TabText: A Flexible and Contextual Approach to Tabular Data Representation
Carballo, Kimberly Villalobos, Na, Liangyuan, Ma, Yu, Boussioux, Léonard, Zeng, Cynthia, Soenksen, Luis R., Bertsimas, Dimitris
Tabular data remains the most widely used and readily available data format across various fields ranging from education, healthcare, and technology, where it serves a vital role in capturing all domains of information. Preprocessing tabular data accurately and efficiently is essential for creating reliable downstream models in machine learning applications.
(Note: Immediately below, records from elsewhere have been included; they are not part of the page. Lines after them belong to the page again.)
lemma shifted_sum_closed:
  "shifted_sum a b k N = fps_const (inverse a) *
     (\<Sum>j<N. qterm a b k j * (qinv a (N - j) * qinv b (N + k) - qinv b (k + j + 1)))"
proof (induction N arbitrary: k)
  case 0
  then show ?case by (simp add: shifted_sum_def)
next
  case (Suc N)
  define c where "c = fps_const (inverse a)"
  define S where "S = (\<Sum>j<N. qterm a b (Suc k) j *
      (qinv a (N - j) * qinv b (N + Suc k) - qinv b (Suc k + j + 1)))"
  have split_first: "(\<Sum>j<Suc N. qterm a b k j * (qinv a (Suc N - j) * qinv b (Suc N + k) - qinv b (k + j + 1)))
      = (qinv a (Suc N) * qinv b (Suc N + k) - qinv b (Suc k)) - fps_const b * c * fps_X ^ Suc k * S"
    unfolding sum.lessThan_Suc_shift qterm_Suc S_def c_def
    by (simp add: sum_distrib_left sum_negf mult.assoc)
  have "shifted_sum a b k (Suc N) = c * (fps_const a * shifted_sum a b k (Suc N))"
    using inverse_a by (simp add: c_def flip: mult.assoc)
  also have "\<dots> = c * (qinv a (Suc N) * qinv b (Suc N + k) - qinv b (Suc k)
      - fps_const b * fps_X ^ Suc k * (c * S))"
    unfolding shifted_sum_by_parts Suc.IH c_def S_def ..
  also have "\<dots> = c * (\<Sum>j<Suc N. qterm a b k j * (qinv a (Suc N - j) * qinv b (Suc N + k) - qinv b (k + j + 1)))"
    unfolding split_first by (simp add: ac_simps)
  finally show ?case by (simp add: c_def)
qed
Yet, two significant limitations exist for directly incorporating tabular data into modeling pipelines: they require labor-intensive, often manual, data processing to standardize information across heterogeneous tabular structures and data sources, and they ignore contextual information such as column headers and meta content descriptions. In contrast to tabular approaches, language is a very flexible data modality that can easily represent information about different data points without imposing any structural similarity between them. Furthermore, recent developments on off-the-shelf large language models (LLMs) based on the Transformer architecture (Vaswani et al, 2017) offer state-of-the-art performances on a wide range of language tasks, including translation, sentence completion, and question answering. These pre-trained models are often developed with very large and diverse data sets, allowing them to exploit prior knowledge and make accurate predictions with very few new training samples.